Além disso, os fundamentalistas religiosos são, frequentemente, politicamente ativos e podem sentir que o Estado deve ser subserviente a Deus. Historicamente, o termo “fundamentalismo” foi usado pela primeira vez no início de 1900 entre os cristãos protestantes americanos que se esforçavam para retornar aos “fundamentos” da fé bíblica, e que enfatizavam a Bíblia literalmente interpretada como fundamental para a vida e o ensino cristãos.

O fundamentalismo apela aos crentes religiosos que se sentem ameaçados pela invasão de valores liberais em esferas tradicionalmente religiosas. Eles se sentem assediados pela cultura secular que consideram imoral e sem Deus.

O exclusivismo estreito do fundamentalismo, no entanto, é contrário ao espírito de tolerância encontrado em todas as religiões. No entanto, esforços dentro das religiões do mundo para superar o fundamentalismo têm sido amplamente ineficazes. Por um lado, os liberais religiosos podem simplesmente rejeitar os fundamentalistas em vez de procurar fazer relacionamentos positivos com eles.

Isso apenas reforça seu senso de alienação e parece validar seus pontos de vista. Além disso, como o fundamentalismo é uma reação ao secularismo, e é improvável que esses movimentos diminuam, a menos que os líderes religiosos moderados encontrem os meios para superar os efeitos corrosivos da cultura secular.

Origem

O conceito de “fundamentalismo” surgiu em 1909 a partir do título de uma obra de quatro volumes chamada de ‘Os Fundamentos‘. Estes livros foram publicados pelo Instituto Bíblico de Los Angeles, entre 1909 e 1920. Eles foram chamados assim porque apelaram aos cristãos para afirmar doutrinas fundamentais específicas, como o nascimento virginal e ressurreição corporal de Jesus.

Esta série de ensaios passou a ser representativa da “controvérsia fundamentalista-modernista”, que surgiu no final do século XIX, dentro das igrejas protestantes dos Estados Unidos, e continuou a ser tema nos anos 1920.

Com o tempo, o termo passou a ser associado a um segmento particular do protestantismo evangélico, que se distinguia por sua abordagem separatista em relação à modernidade e a outros cristãos que não concordavam com seus pontos de vista.

Originalmente membros das várias denominações protestantes que subscreveram os “fundamentos” foram chamados de “fundamentalistas” e não formaram uma denominação independente.

Características

A maioria das formas de fundamentalismo religioso tem características semelhantes. Fundamentalistas religiosos tipicamente enxergam suas escrituras sagradas (Bíblia, Alcorão, entre outros) como a palavra autêntica e literal de Deus. Como as escrituras são consideradas inerrantes, os fundamentalistas acreditam que nenhuma pessoa tem o direito de mudá-la ou discordar dela.
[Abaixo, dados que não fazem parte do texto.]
(* Let $G$ be a finite simple chordal graph. The following are equivalent: (i) $\gamma(G)=\alpha(G)$; (ii) $G$ is well-covered; (iii) $G$ is well-dominated; (iv) $V(G)$ is the disjoint union of maximal cliques of $G$ each of which contains a free vertex.
   Context: A dominating set of $G$ is a set $D\subseteq V(G)$ such that every vertex lies in $D$ or is adjacent to a vertex of $D$; $\gamma(G)$ is the minimum size of a dominating set, and $G$ is well-dominated if all minimal (under inclusion) dominating sets have the same size. $\alpha(G)$ is the maximum size of an independent set; $G$ is well-covered if all maximal independent sets have the same size. A clique is a set of pairwise adjacent vertices; a free vertex is a vertex belonging to exactly one maximal clique. A graph is chordal if every cycle of length at least $4$ has a chord. *)

theory Defs
  imports Main
begin

definition simple_graph :: "'a set \<Rightarrow> ('a \<Rightarrow> 'a \<Rightarrow> bool) \<Rightarrow> bool" where
  "simple_graph V E \<longleftrightarrow> finite V \<and> (\<forall>u v. E u v \<longrightarrow> u \<in> V \<and> v \<in> V)
     \<and> (\<forall>u v. E u v \<longrightarrow> E v u) \<and> (\<forall>v. \<not> E v v)"

definition dominating_set :: "'a set \<Rightarrow> ('a \<Rightarrow> 'a \<Rightarrow> bool) \<Rightarrow> 'a set \<Rightarrow> bool" where
  "dominating_set V E D \<longleftrightarrow> D \<subseteq> V \<and> (\<forall>v\<in>V. v \<in> D \<or> (\<exists>u\<in>D. E v u))"

definition minimal_dominating_set :: "'a set \<Rightarrow> ('a \<Rightarrow> 'a \<Rightarrow> bool) \<Rightarrow> 'a set \<Rightarrow> bool" where
  "minimal_dominating_set V E D \<longleftrightarrow> dominating_set V E D
     \<and> (\<forall>D'. D' \<subset> D \<longrightarrow> \<not> dominating_set V E D')"

definition domination_number :: "'a set \<Rightarrow> ('a \<Rightarrow> 'a \<Rightarrow> bool) \<Rightarrow> nat" where
  "domination_number V E = Min (card ` {D. dominating_set V E D})"

definition well_dominated :: "'a set \<Rightarrow> ('a \<Rightarrow> 'a \<Rightarrow> bool) \<Rightarrow> bool" where
  "well_dominated V E \<longleftrightarrow> (\<forall>D1 D2. minimal_dominating_set V E D1 \<longrightarrow>
      minimal_dominating_set V E D2 \<longrightarrow> card D1 = card D2)"

definition independent_set :: "'a set \<Rightarrow> ('a \<Rightarrow> 'a \<Rightarrow> bool) \<Rightarrow> 'a set \<Rightarrow> bool" where
  "independent_set V E S \<longleftrightarrow> S \<subseteq> V \<and> (\<forall>u\<in>S. \<forall>v\<in>S. \<not> E u v)"

definition maximal_independent_set :: "'a set \<Rightarrow> ('a \<Rightarrow> 'a \<Rightarrow> bool) \<Rightarrow> 'a set \<Rightarrow> bool" where
  "maximal_independent_set V E S \<longleftrightarrow> independent_set V E S
     \<and> (\<forall>S'. S \<subset> S' \<longrightarrow> \<not> independent_set V E S')"

definition independence_number :: "'a set \<Rightarrow> ('a \<Rightarrow> 'a \<Rightarrow> bool) \<Rightarrow> nat" where
  "independence_number V E = Max (card ` {S. independent_set V E S})"

definition well_covered :: "'a set \<Rightarrow> ('a \<Rightarrow> 'a \<Rightarrow> bool) \<Rightarrow> bool" where
  "well_covered V E \<longleftrightarrow> (\<forall>S1 S2. maximal_independent_set V E S1 \<longrightarrow>
      maximal_independent_set V E S2 \<longrightarrow> card S1 = card S2)"

definition clique :: "'a set \<Rightarrow> ('a \<Rightarrow> 'a \<Rightarrow> bool) \<Rightarrow> 'a set \<Rightarrow> bool" where
  "clique V E K \<longleftrightarrow> K \<subseteq> V \<and> (\<forall>u\<in>K. \<forall>v\<in>K. u \<noteq> v \<longrightarrow> E u v)"
lemma diag_eq_sum_tau:
  assumes "is_mat d M" and diag: "\<And>a b. a \<noteq> b \<Longrightarrow> M a b = 0"
  shows "M a b = (\<Sum>j=1..d. tau_coeff j M * tau j a b)"
proof (cases "a = b \<and> a < d")
  case True
  then show ?thesis
    using sum_tau_coeff_mult_tau[of a d M] assms(1) by (simp add: is_mat_def)
next
  case False
  then show ?thesis
    using assms by (auto simp: tau_def is_mat_def not_less intro!: sum.neutral)
qed

lemma sum_tau_coeff: "is_mat d M \<Longrightarrow> (\<Sum>j=1..d. tau_coeff j M) = mtrace d M"
proof -
  have "(\<Sum>j=1..n. tau_coeff j M) = (\<Sum>i<n. M i i) - of_nat n * M n n" for n
    by (induction n) (auto simp: tau_coeff_def algebra_simps)
  then show "is_mat d M \<Longrightarrow> ?thesis" by (simp add: mtrace_def is_mat_def)
qed

lemma passive_state_tau_coeff_nonneg:
  assumes "passive_state d M" and j: "j \<in> {1..d}"
  shows "0 \<le> tau_coeff j M"
proof -
  obtain p where M: "M = (\<lambda>a b. if a = b \<and> a < d then complex_of_real (p a) else 0)"
    and mono: "\<And>a b. a \<le> b \<Longrightarrow> b < d \<Longrightarrow> p b \<le> p a"
    using assms(1) unfolding passive_state_def by blast
  have "0 \<le> M (d - 1) (d - 1)"
    using assms psd_diag_nonneg[of d M "d - 1"] by (auto simp: passive_state_def density_def)
  then have "0 \<le> p (d - 1)" using j by (simp add: M less_eq_complex_def)
  then show ?thesis
    using j mono[of "j - 1" j] by (cases "j < d") (auto simp: tau_coeff_def M less_eq_complex_def)
qed

section \<open>Activity-breaking channels\<close>

text \<open>P_j represents the linear functional \<rho> \<mapsto> tau_coeff j (\<Phi> \<rho>) through
  Tr[P_j \<rho>] (lemma mtrace_mmult_coeff_povm).\<close>
definition coeff_povm :: "nat \<Rightarrow> (cmat \<Rightarrow> cmat) \<Rightarrow> nat \<Rightarrow> cmat" where
  "coeff_povm d \<Phi> j = (\<lambda>a b. if a < d \<and> b < d then tau_coeff j (\<Phi> (mat_unit b a)) else 0)"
Eles acreditam que Deus articulou sua vontade precisamente para seus seguidores, e que eles têm um registro confiável e perfeito dessa revelação. Como resultado, as pessoas são “obrigadas” a obedecer à palavra de Deus.

Críticas

Uma crítica geral é que os fundamentalistas são seletivos no que acreditam e praticam. Por exemplo, o Livro do Êxodo dita que, quando o irmão de um homem morre, ele deve se casar com sua cunhada viúva. No entanto, os cristãos fundamentalistas não aderem a essa doutrina, apesar do fato não ser contradito no Novo Testamento.

No entanto, os defensores do fundamentalismo argumentam que, de acordo com o Novo Testamento, essas não são normativas para os cristãos modernos. Outros fundamentalistas argumentam que apenas certas partes da Lei Mosaica – partes que se baseiam em princípios morais universais – são normativas.

Os críticos afirmam que os fundamentalistas não reconhecem que seres humanos falíveis são aqueles que transmitem uma tradição religiosa. Como resultado, é impossível seguir a palavra indiscutível de Deus, só se pode alcançar uma compreensão humana da vontade de Deus.